- Rosewood Township, Minnesota Location within the state of Minnesota Rosewood Township, Minnesota Rosewood Township, Minnesota (the United States)
- Coordinates: 45°2′7″N 95°40′37″W﻿ / ﻿45.03528°N 95.67694°W
- Country: United States
- State: Minnesota
- County: Chippewa

Area
- • Total: 35.8 sq mi (92.6 km^{2})
- • Land: 35.7 sq mi (92.4 km^{2})
- • Water: 0.077 sq mi (0.2 km^{2})
- Elevation: 1,020 ft (311 m)

Population (2000)
- • Total: 303
- • Density: 8.5/sq mi (3.3/km^{2})
- Time zone: UTC-6 (Central (CST))
- • Summer (DST): UTC-5 (CDT)
- FIPS code: 27-55870
- GNIS feature ID: 0665471

= Rosewood Township, Chippewa County, Minnesota =

Rosewood Township is a township in Chippewa County, Minnesota, United States. The population was 303 at the year 2000 census.

==History==
Rosewood Township was organized in 1871, and named after Rosewood, Ohio, the former home of a share of early settlers.

==Geography==
According to the United States Census Bureau, the township has a total area of 35.8 square miles (92.6 km^{2}), of which 35.7 square miles (92.4 km^{2}) is land and 0.1 square mile (0.2 km^{2}) (0.22%) is water.

==Demographics==
As of the census of 2000, there were 303 people, 115 households, and 92 families residing in the township. The population density was 8.5 people per square mile (3.3/km^{2}). There were 123 housing units at an average density of 3.4/sq mi (1.3/km^{2}). The racial makeup of the township was 98.68% White, 0.66% African American, 0.33% Asian, 0.33% from other races. Hispanic or Latino of any race were 0.33% of the population.

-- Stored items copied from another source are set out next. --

theorem mainTheorem5:
  fixes \<alpha> :: real and r :: "nat \<Rightarrow> nat" and n :: nat and st :: "nat list \<Rightarrow> 's"
  assumes r_pos: "\<forall>i<n. 0 < r i"
    and single_level: "single_level_stages r n st"
    and alpha_pos: "0 < \<alpha>"
  shows "(\<forall>xs\<in>situations r n. \<forall>k<r (length xs).
            cs_hyp \<alpha> r n st (stage_of r n st xs) k = bdepu_hyp \<alpha> r n (stage_of r n st xs) k
          \<and> cs_hyp \<alpha> r n st (stage_of r n st xs) k
              = \<alpha> * real (card (stage_of r n st xs)) / real (\<Prod>t\<le>length xs. r t))
       \<and> (\<forall>xs\<in>situations r n.
            cs_dot \<alpha> r n st (stage_of r n st xs)
              = \<alpha> * real (card (stage_of r n st xs)) / real (\<Prod>t<length xs. r t)
          \<and> (\<Sum>k\<in>stage_labels r n (stage_of r n st xs). bdepu_hyp \<alpha> r n (stage_of r n st xs) k)
              = \<alpha> * real (card (stage_of r n st xs)) / real (\<Prod>t<length xs. r t))
       \<and> (\<forall>D. set D \<subseteq> leaves r n \<longrightarrow> cs_bdeu_score \<alpha> r n st D = bdepu_score \<alpha> r n st D)"
proof -
  note stage_hyps = cs_dot_stage_of[OF r_pos single_level] cs_hyp_stage_of[OF r_pos single_level]
    bdepu_hyp_stage_of[OF r_pos single_level] sum_bdepu_hyp_stage_of[OF r_pos single_level]
  show ?thesis
    using stage_hyps cs_bdeu_score_eq_bdepu_score[OF r_pos single_level] by simp
qed

end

There were 115 households, out of which 34.8% had children under the age of 18 living with them, 73.9% were married couples living together, 1.7% had a female householder with no husband present, and 20.0% were non-families. 19.1% of all households were made up of individuals, and 6.1% had someone living alone who was 65 years of age or older. The average household size was 2.63 and the average family size was 2.99.

In the township the population was spread out, with 24.4% under the age of 18, 10.6% from 18 to 24, 26.1% from 25 to 44, 24.4% from 45 to 64, and 14.5% who were 65 years of age or older. The median age was 39 years. For every 100 females, there were 109.0 males. For every 100 females age 18 and over, there were 114.0 males.

The median income for a household in the township was $36,250, and the median income for a family was $39,500. Males had a median income of $31,786 versus $18,125 for females. The per capita income for the township was $15,811. About 4.4% of families and 8.2% of the population were below the poverty line, including 8.7% of those under the age of eighteen and 9.1% of those 65 or over.